RHEINLAND-PFALZ – Befragung zur Landespflegekammer: ver.di ruft zur Teilnahme auf und übt Kritik am Verfahren

RHEINLAND-PFALZ – Befragung zur Landespflegekammer: ver.di ruft zur Teilnahme auf und übt Kritik am Verfahren

Die Vereinte Dienstleistungsgewerkschaft (ver.di) ruft alle Mitglieder der Landespflegekammer Rheinland-Pfalz dazu auf, sich an der Befragung zur Zukunft der Kammer zu beteiligen. »Endlich können diejenigen über die Zukunft der Pflegekammer entscheiden, die es angeht: die beruflich Pflegenden selbst«, sagte Frank Hutmacher, stellvertretender Landesbezirksleiter bei ver.di in Rheinland-Pfalz. »Eine hohe Beteiligung ermöglicht es der neuen Landesregierung, eine gut legitimierte Entscheidung darüber zu treffen, ob die viel kritisierte Pflegekammer fortbestehen soll oder nicht.«

Die Befragung läuft von Montag (23. März 2026) bis zum 2. April. »Das ist ein sehr kurzer Zeitraum, deshalb sollten alle registrierten Mitglieder schnellstmöglich ihr Votum abgeben«, empfahl der Gewerkschafter. Er übte zugleich deutliche Kritik am Verfahren der Befragung, die von der Pflegekammer selbst durchgeführt wird. »Der Befragungszeitraum ist extrem kurz und liegt in der Ferienzeit.
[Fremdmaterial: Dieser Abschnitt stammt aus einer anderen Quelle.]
definition limit_dist :: "(outcome \<Rightarrow> real) \<Rightarrow> bool \<Rightarrow> (outcome list \<Rightarrow> real)
    \<Rightarrow> (outcome \<Rightarrow> real) \<Rightarrow> bool" where
  "limit_dist p x0 q v \<longleftrightarrow>
     (\<exists>r. strict_mono r \<and> (\<forall>k. (\<lambda>N. cesaro p x0 q (r N) k) \<longlonglongrightarrow> v k))"

definition dot :: "(outcome \<Rightarrow> real) \<Rightarrow> (outcome \<Rightarrow> real) \<Rightarrow> real" where
  "dot v S = (\<Sum>k\<in>outcomes. v k * S k)"

definition strictly_firm :: "real \<Rightarrow> real \<Rightarrow> (outcome \<Rightarrow> real) \<Rightarrow> bool" where
  "strictly_firm R P p \<longleftrightarrow> firm p \<and>
     (\<forall>x0 q v. pattern q \<longrightarrow> limit_dist p x0 q v \<longrightarrow>
        dot v (SY R P) \<ge> P \<longrightarrow> v DD = 1)"

text \<open>Strategy pattern induced by a memory-one strategy (vector, initial play)
  used by Y: Y sees outcomes from its own perspective.\<close>
definition mem1_pattern :: "(outcome \<Rightarrow> real) \<Rightarrow> bool \<Rightarrow> outcome list \<Rightarrow> real" where
  "mem1_pattern p y0 h = (if h = [] then (if y0 then 1 else 0) else p (swap (hd h)))"

definition payoffA :: "real \<Rightarrow> real \<Rightarrow> (outcome \<Rightarrow> real) \<times> bool
    \<Rightarrow> (outcome \<Rightarrow> real) \<times> bool \<Rightarrow> real" where
  "payoffA R P si sj =
     lim (\<lambda>N. dot (cesaro (fst si) (snd si) (mem1_pattern (fst sj) (snd sj)) N) (SX R P))"

definition ESS :: "'i set \<Rightarrow> ('i \<Rightarrow> 'i \<Rightarrow> real) \<Rightarrow> 'i \<Rightarrow> bool" where
  "ESS I A istar \<longleftrightarrow> (\<forall>j\<in>I. j \<noteq> istar \<longrightarrow> A j istar < A istar istar)"

end

theory Submission
  imports Defs "HOL-Analysis.Analysis"
begin

text \<open>Against itself, a firm strategy opening with d never leaves dd and earns P. Against a
  memory-one strategy the play is a finite Markov chain, whose Cesaro averages converge (any two
  limit points of the averaged powers of a stochastic matrix are invariant and absorb each other).
  The limit v is a stationary distribution; if v were concentrated on dd, the opponent would never
  leave dd, i.e. be firm. So a non-firm opponent yields v DD < 1, strict firmness forces the
  opponent's long-run payoff below P, and by symmetry of the payoff vectors that payoff is A j i*.\<close>

section \<open>Cesaro averages of stochastic matrices\<close>

lemma bounded_bilinear_matrix_mult:
  "bounded_bilinear ((**) :: real^'n::finite^'m::finite \<Rightarrow> real^'p::finite^'n \<Rightarrow> real^'p^'m)"
  unfolding bilinear_conv_bounded_bilinear[symmetric] bilinear_def
  by (auto intro!: linearI
      simp: vec_eq_iff matrix_matrix_mult_def sum.distrib algebra_simps sum_distrib_left)

definition stochastic :: "real^'n::finite^'n \<Rightarrow> bool" where
  "stochastic A \<longleftrightarrow> (\<forall>i j. 0 \<le> A$i$j) \<and> (\<forall>i. (\<Sum>j\<in>UNIV. A$i$j) = 1)"

lemma closed_stochastic: "closed {A :: real^'n::finite^'n. stochastic A}"
  unfolding stochastic_def
  by (intro closed_Collect_conj closed_Collect_all closed_Collect_le closed_Collect_eq continuous_intros)

lemma norm_stochastic_le:
  fixes A :: "real^'n::finite^'n"
  assumes "stochastic A" shows "norm A \<le> CARD('n)"
proof -
  have "norm A \<le> (\<Sum>i\<in>UNIV. norm (A$i))"
    unfolding norm_vec_def by (rule L2_set_le_sum) simp
  also have "\<dots> \<le> (\<Sum>i\<in>(UNIV::'n set). 1)"
  proof (rule sum_mono)
    fix i
    have "norm (A$i) \<le> (\<Sum>j\<in>UNIV. \<bar>A$i$j\<bar>)" by (rule norm_le_l1_cart)
    also have "\<dots> = 1" using assms by (simp add: stochastic_def)
    finally show "norm (A$i) \<le> 1" .
  qed
  finally show ?thesis by simp
qed

lemmas matrix_mult_sum_left = bounded_bilinear.sum_left[OF bounded_bilinear_matrix_mult]
  and matrix_mult_sum_right = bounded_bilinear.sum_right[OF bounded_bilinear_matrix_mult]
  and matrix_mult_scaleR_left = bounded_bilinear.scaleR_left[OF bounded_bilinear_matrix_mult]
  and matrix_mult_scaleR_right = bounded_bilinear.scaleR_right[OF bounded_bilinear_matrix_mult]
  and tendsto_matrix_mult = bounded_bilinear.tendsto[OF bounded_bilinear_matrix_mult]

lemma bounded_bilinear_vector_matrix_mult:
  "bounded_bilinear ((v*) :: real^'m::finite \<Rightarrow> real^'n::finite^'m \<Rightarrow> real^'n)"
  unfolding bilinear_conv_bounded_bilinear[symmetric] bilinear_def
  by (auto intro!: linearI
      simp: vec_eq_iff vector_matrix_mult_def sum.distrib algebra_simps sum_distrib_left)

lemmas vector_matrix_mult_sum_right = bounded_bilinear.sum_right[OF bounded_bilinear_vector_matrix_mult]
  and vector_matrix_mult_scaleR_right = bounded_bilinear.scaleR_right[OF bounded_bilinear_vector_matrix_mult]
  and tendsto_vector_matrix_mult = bounded_bilinear.tendsto[OF bounded_bilinear_vector_matrix_mult]

lemma stochastic_mat_1: "stochastic (mat 1 :: real^'n::finite^'n)"
  by (simp add: stochastic_def mat_def)

lemma stochastic_matrix_mult:
  assumes "stochastic A" "stochastic B" shows "stochastic (A ** B)"
proof -
  have "(\<Sum>j\<in>UNIV. (A ** B)$i$j) = (\<Sum>k\<in>UNIV. A$i$k * (\<Sum>j\<in>UNIV. B$k$j))" for i
    by (simp add: matrix_matrix_mult_def sum_distrib_left) (rule sum.swap)
  with assms show ?thesis
    by (auto simp: stochastic_def matrix_matrix_mult_def intro: sum_nonneg)
qed

fun matpow :: "real^'n::finite^'n \<Rightarrow> nat \<Rightarrow> real^'n^'n" where
  "matpow M 0 = mat 1"
| "matpow M (Suc n) = matpow M n ** M"

lemma matpow_commute: "M ** matpow M n = matpow M n ** M"
  by (induction n) (simp_all add: matrix_mul_assoc)

lemma stochastic_matpow: "stochastic M \<Longrightarrow> stochastic (matpow M n)"
  by (induction n) (simp_all add: stochastic_mat_1 stochastic_matrix_mult)

definition mat_avg :: "real^'n::finite^'n \<Rightarrow> nat \<Rightarrow> real^'n^'n" where
  "mat_avg M N = (1 / real N) *\<^sub>R (\<Sum>n<N. matpow M n)"
lemma fiber_enumeration_bounded_surjection:
  assumes f: "f \<in> bounded_surjections d A B"
  shows "fiber_enumeration A B f ` B \<in> bounded_partitions d A (card B)"
    and "fiber_enumeration A B f \<in> B \<rightarrow>\<^sub>E fiber_enumeration A B f ` B"
    and "inj_on (fiber_enumeration A B f) B"
proof -
  have surj: "f \<in> surjections A B" using f by (simp add: bounded_surjections_def)
  show "fiber_enumeration A B f ` B \<in> bounded_partitions d A (card B)"
    using f fiber_enumeration_surjection[OF surj]
    by (auto simp: bounded_partitions_def bounded_surjections_def fiber_enumeration_def card_image)
  show "fiber_enumeration A B f \<in> B \<rightarrow>\<^sub>E fiber_enumeration A B f ` B"
    by (auto simp: fiber_enumeration_def)
  show "inj_on (fiber_enumeration A B f) B"
    using fiber_enumeration_surjection(2)[OF surj] .
qed

lemma bij_betw_if_inj_into_bounded_partition:
  assumes "finite A" "finite B" and P: "P \<in> bounded_partitions d A (card B)"
    and e: "e \<in> B \<rightarrow>\<^sub>E P" "inj_on e B"
  shows "bij_betw e B P"
proof -
  have "finite P"
    using P assms(1) finite_elements by (auto simp: bounded_partitions_def)
  then have "e ` B = P"
    using P e by (intro card_subset_eq) (auto simp: bounded_partitions_def card_image)
  then show ?thesis using e(2) by (simp add: bij_betw_def)
qed

lemma block_index_bounded_surjection:
  assumes P: "partition_on A P" "\<forall>X\<in>P. card X \<le> d"
    and e: "e \<in> B \<rightarrow>\<^sub>E P" "bij_betw e B P"
  shows "block_index A B e \<in> bounded_surjections d A B"
proof -
  let ?f = "block_index A B e"
  have fiber: "{a \<in> A. ?f a = b} = e b" if "b \<in> B" for b
  proof -
    have "fiber_enumeration A B ?f b = e b"
      using fiber_enumeration_block_index[OF P(1) e] by simp
    then show ?thesis using that by (simp add: fiber_enumeration_def)
  qed
  have "?f \<in> A \<rightarrow>\<^sub>E B"
  proof
    fix a assume a: "a \<in> A"
    then obtain b where b: "b \<in> B" "a \<in> e b"
      using partition_onD1[OF P(1)] e(2) by (auto simp: bij_betw_def)
    then show "?f a \<in> B" using block_index_eq_iff[OF P(1) e(2) a b(1)] by simp
  qed (simp add: block_index_def)
  moreover have "B \<subseteq> ?f ` A"
  proof
    fix b assume b: "b \<in> B"
    then obtain a where "a \<in> e b"
      using partition_onD3[OF P(1)] PiE_mem[OF e(1) b] by (metis equals0I)
    then show "b \<in> ?f ` A" using fiber[OF b] by (metis (mono_tags, lifting) image_eqI mem_Collect_eq)
  qed
  moreover have "\<forall>b\<in>B. card {a \<in> A. ?f a = b} \<le> d"
    using fiber P(2) e(1) by auto
  ultimately show ?thesis
    by (auto simp: bounded_surjections_def surjections_def)
qed
lemma torus_inner_kernel_coeff_monomial_eq_0:
  assumes "k < m" and "a < int n \<or> b < int m"
    and "int n < a \<or> (0 \<le> b \<and> (a \<noteq> int n \<or> b \<noteq> int k))"
  shows "torus_inner c (A k) (monomial a b) = 0"
proof -
  have "torus_inner c (A k) (monomial a b) = torus_integral (inner_integrand k a b) / complex_of_real (4 * pi\<^sup>2)"
    by (rule torus_inner_eq_torus_integral[OF continuous_on_inner_integrand kernel_coeff_integrand_on_torus])
      (use \<open>k < m\<close> in auto)
  also have "\<dots> = 0"
    using assms by (simp add: torus_integral_inner_integrand_eq_0)
  finally show ?thesis .
qed

lemma kernel_integrand_on_torus:
  assumes "cmod u = 1" and "cmod v = 1"
  shows "(\<Sum>k<m. A k u v * e ^ k) * cnj (monomial a b u v) / complex_of_real ((cmod (p u v))\<^sup>2)
       = (\<Sum>k<m. e ^ k * inner_integrand k a b u v)"
  unfolding sum_distrib_right sum_divide_distrib
  by (intro sum.cong refl) (subst kernel_coeff_integrand_on_torus[OF assms, symmetric], simp_all add: ac_simps)

lemma torus_inner_kernel_monomial_eq_0:
  assumes "a < int n \<or> b < int m"
    and "\<And>k. k < m \<Longrightarrow> int n < a \<or> (0 \<le> b \<and> (a \<noteq> int n \<or> b \<noteq> int k))"
  shows "torus_inner c (\<lambda>u v. \<Sum>k<m. A k u v * e ^ k) (monomial a b) = 0"
proof -
  have "torus_inner c (\<lambda>u v. \<Sum>k<m. A k u v * e ^ k) (monomial a b)
      = torus_integral (\<lambda>u v. \<Sum>k<m. e ^ k * inner_integrand k a b u v) / complex_of_real (4 * pi\<^sup>2)"
    by (rule torus_inner_eq_torus_integral[OF _ kernel_integrand_on_torus])
      (intro continuous_intros continuous_on_inner_integrand)
  also have "\<dots> = (\<Sum>k<m. e ^ k * torus_integral (inner_integrand k a b)) / complex_of_real (4 * pi\<^sup>2)"
    by (subst torus_integral_sum)
      (auto intro!: continuous_intros continuous_on_inner_integrand simp: torus_integral_def)
  also have "\<dots> = 0"
    using assms by (simp add: torus_integral_inner_integrand_eq_0)
  finally show ?thesis .
qed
Es gab im Vorfeld keine öffentliche Ankündigung und keinerlei Transparenz. Man muss sich erst durch 21 Detailfragen kämpfen, bevor die grundsätzliche Frage gestellt wird, ob die Pflegekammer überhaupt benötigt wird – all das ist nicht auf eine breite Beteiligung und ein klares Ergebnis angelegt.«

Hinzu komme, dass die Befragung nur im Mitgliedermagazin veröffentlicht wurde und an vielen Stellen stark einseitige Wertungen enthält. ver.di hatte zuvor immer wieder auf eine unmissverständliche und transparente Befragung gedrungen, unter anderem mit einem Offenen Brief an die Verantwortlichen in der Kammer und der Landesregierung. »Diese Art der Befragung ist ein grobes Foulspiel und bestätigt unsere Befürchtungen, dass die Pflegekammer selbst keine unabhängige Abstimmung über ihre Zukunft herbeiführen würde«, erklärte Hutmacher. »Trotz dieser Kritik rufen wir alle Pflegepersonen auf, ihre Stimme abzugeben. Sie haben jetzt die Chance, darüber mitzuentscheiden, ob es mit der Kammer weitergehen soll.«

Die registrierten Mitglieder der Landespflegekammer können unter diesem Link online abstimmen: pflegekammer-rlp.de/mitgliederbefragung

Hintergrund: Die Landespflegekammer in Rheinland-Pfalz besteht seit 2016. Pflegekräfte sind zur Mitgliedschaft verpflichtet. Die rund 40.000 Mitglieder müssen Beiträge von durchschnittlich fast 140 Euro im Jahr bezahlen. Außer in Rheinland-Pfalz gibt es nur in Nordrhein-Westfalen eine Landespflegekammer. Die Pflegekammern in Niedersachsen und Schleswig-Holstein wurden wieder abgeschafft, nachdem sich bei Vollbefragungen jeweils eine deutliche Mehrheit der Pflegepersonen gegen die Kammer ausgesprochen hatte.